At Fluxion, we’re passionate about delivering cell-based and cell-free solutions that facilitate the transformation of research discoveries into new ways to diagnose and treat patients. By characterizing molecular and cellular mechanisms of disease, Fluxion’s platforms help bridge the translational medicine gap, enabling rapid advances in disease research, drug discovery, and the development of diagnostic tests.
Liquid biopsies aim to identify clinically actionable information from cell-free DNA (cfDNA) and circulating tumor cells (CTCs), among other biomarkers. Such assays are economical with respect to solid biopsies, and they afford a non-invasive way of screening for disease and monitoring progression over time. However, analyzing data from liquid biopsies requires overcoming a number of technological and analytical hurdles imposed by the characteristically small amount of starting material.

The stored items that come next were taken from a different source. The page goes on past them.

definition A2J :: "nat \<Rightarrow> nat \<Rightarrow> nat set \<Rightarrow> (nat \<Rightarrow> int) set set" where
  "A2J n s J = (if 1 \<in> J then {} else
     {insert (alpha 1 l) (bset n (s - 1) i j) | l i j.
       1 \<le> s \<and> 1 \<le> l \<and> l \<le> n \<and> chain n (s - 1) i j
       \<and> (1 \<le> s - 1 \<longrightarrow> 1 < i 1 \<and> j 1 \<le> l)
       \<and> l \<notin> J \<and> bset n (s - 1) i j \<in> A11 n (s - 1) J \<union> A12 n (s - 1) J})"

end

theory Submission
  imports Defs
begin

(* Roots are coefficient functions, so every claim about roots reduces to evaluating
   coefficients: each root has coefficients in [-2, 2] and alpha_1-coefficient <= 1.
   The key local fact is that beta_{k,l} - alpha_t is a root for some t in J unless
   the pair (k,l) is "admissible" (l not in J, and k in J only if l = k + 1), and that
   alpha_{1,l} - alpha_t avoids the roots exactly when 1, l are not in J.

   Containment of the three classes in A_{s,J}: a chain of admissible pairs gives pairwise
   incomparable betas, all with alpha_n-coefficient 2, hence an abelian J-antichain; adding
   alpha_{1,l} around a chain nested in [2, l] keeps these properties.  For chains, lying in
   A^{1,1} or A^{1,2} is the same as having only admissible pairs.

   Converse: the betas of an antichain are strictly nested, hence enumerate a chain of
   admissible pairs; by abelianity any other root is alpha_{1,l}, unique by incomparability,
   and encloses the chain.  Disjointness compares first indices (A^{1,1} vs A^{1,2}) and
   alpha versus beta roots (A^1 vs A^2). *)

lemma alpha_apply: "alpha i j t = (if i \<le> t \<and> t \<le> j then 1 else 0)"
  by (simp add: alpha_def)

lemma beta_apply:
  "beta n k l t = (if k \<le> t \<and> t \<le> n then 1 else 0) + (if l \<le> t \<and> t \<le> n then 1 else 0)"
  by (simp add: beta_def alpha_def)

lemma posroots_cases:
  assumes "x \<in> posroots n"
  obtains (alpha) i j where "1 \<le> i" "i \<le> j" "j \<le> n" "x = alpha i j"
        | (beta) k l where "1 \<le> k" "k < l" "l \<le> n" "x = beta n k l"
  using assms unfolding posroots_def by blast

lemma alpha_posroot: "1 \<le> i \<Longrightarrow> i \<le> j \<Longrightarrow> j \<le> n \<Longrightarrow> alpha i j \<in> posroots n"
  unfolding posroots_def by blast

lemma beta_posroot: "1 \<le> k \<Longrightarrow> k < l \<Longrightarrow> l \<le> n \<Longrightarrow> beta n k l \<in> posroots n"
  unfolding posroots_def by blast

lemma posroot_root: "x \<in> posroots n \<Longrightarrow> x \<in> roots n"
  unfolding roots_def by blast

Here, we describe the application of the ERASE-Seq (Elimination of Recurrent Artifacts and Stochastic Errors) sequencing and analysis pipeline to cfDNA isolated from peripheral blood obtained from 348 lung cancer patients. ERASE-Seq leverages Molecular Amplification Pools (MAPs) and a background-aware error-identification approach to confidently identify low-frequency variants from cfDNA datasets using amplicon panels without unique molecular identifiers (UMIs, or molecular barcodes). To assess performance, we compare results to droplet digital PCR (ddPCR), and orthogonal approach commonly used to identify low-frequency variation.
We find that ERASE-Seq has excellent sensitivity (98.5%) and specificity (98.9%) when compared to ddPCR in clinical samples. We identify a number of actionable results, including canonical EGFR mutations that confer sensitivity to tyrosine kinase inhibitors. In 13% of cases, we identify mutations not found by ddPCR due to a larger target space and greater sensitivity for indels. We identify actionable mutations in the absence of tissue data (96) and cases where resistance variants are emerging upon progression (5%). Furthermore, we are able to classify mutations traditionally associated with clonal hematopoiesis (CH) with high confidence, which are known to become more prevalent with age and are associated with the development of blood cancers.
We demonstrate the clinical utility of the ERASE-Seq approach in accurately detecting actionable mutations from cfDNA samples from lung cancer patients. Additionally, we identify low-frequency CH-associated mutations that could be associated with the onset of future cancers, providing promising results for ERASE-Seq's utility in future diagnostic assay development.